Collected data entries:

= = =

text \<open>Write A as the zero set of alpha : X -> [0,1]. An infinite open subset of a Hausdorff
  space contains infinitely many pairwise disjoint nonempty open sets; complete regularity puts
  into each of them a bump of height 1 peaking at some point, so at every point of Y at most one
  bump is nonzero. The dyadic trapezoids tau n (equal to 1 on [2^-(n+1), 2^-n], each t > 0
  lying in the support of only finitely many of them) cover (0,1], and
    f x y = sum over n of tau n (alpha x) * (g x * bump (n,False) y + h x * bump (n,True) y).
  For fixed x the sum is finite, so f x is continuous; for fixed y it has at most one nonzero
  term, so f (-) y is continuous. Every value f x y is g x or h x scaled by a factor in [0,1],
  and for n with tau n (alpha x) = 1 the values g x and h x are taken at the two peaks.\<close>

lemma Hausdorff_infinite_openin_split:
  assumes Y: "Hausdorff_space Y" and Z: "openin Y Z" "infinite Z"
  obtains W Z' where "openin Y W" "W \<noteq> {}" "openin Y Z'" "infinite Z'"
    "W \<union> Z' \<subseteq> Z" "W \<inter> Z' = {}"
proof -
  \<comment> \<open>Separate two points of Z by U and V. Either Z minus the closure of U \<inter> Z is still
    infinite, or V \<inter> Z is finite, hence closed, and Z minus it is open and infinite.\<close>
  have ZY: "Z \<subseteq> topspace Y"
    using Z(1) by (rule openin_subset)
  obtain a where a: "a \<in> Z"
    using Z(2) infinite_imp_nonempty by blast
  have "infinite (Z - {a})"
    using Z(2) by simp
  then obtain b where b: "b \<in> Z" "b \<noteq> a"
    by (metis Diff_iff ex_in_conv finite.emptyI singletonI)
  obtain U V where UV: "openin Y U" "openin Y V" "a \<in> U" "b \<in> V" "disjnt U V"
    using Y a b ZY unfolding Hausdorff_space_def by (metis subsetD)
  show thesis
  proof (cases "finite (Z - Y closure_of (U \<inter> Z))")
    case False
    have "U \<inter> Z \<subseteq> Y closure_of (U \<inter> Z)"
      using ZY by (intro closure_of_subset) auto
    then show thesis
      using False UV(1,3) Z(1) a
      by (intro that[of "U \<inter> Z" "Z - Y closure_of (U \<inter> Z)"]) auto
  next
    case True
    have "V \<inter> Y closure_of (U \<inter> Z) = {}"
      using UV(5) openin_Int_closure_of_eq_empty[OF UV(2)] by (auto simp: disjnt_def)
    then have "V \<inter> Z \<subseteq> Z - Y closure_of (U \<inter> Z)"
      by auto
    then have "finite (V \<inter> Z)"
      using True by (rule finite_subset)
    then have "closedin Y (V \<inter> Z)"
      using Hausdorff_imp_t1_space[OF Y] ZY unfolding t1_space_closedin_finite by blast
    then show thesis
      using that[of "V \<inter> Z" "Z - V \<inter> Z"] \<open>finite (V \<inter> Z)\<close> UV(2,4) Z b by auto
  qed
qed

= = =

Track down every line in the entries that includes the string "auto", and copy it.

      using ZY by (intro closure_of_subset) auto
      by (intro that[of "U \<inter> Z" "Z - Y closure_of (U \<inter> Z)"]) auto
      using UV(5) openin_Int_closure_of_eq_empty[OF UV(2)] by (auto simp: disjnt_def)
      by auto
      using that[of "V \<inter> Z" "Z - V \<inter> Z"] \<open>finite (V \<inter> Z)\<close> UV(2,4) Z b by auto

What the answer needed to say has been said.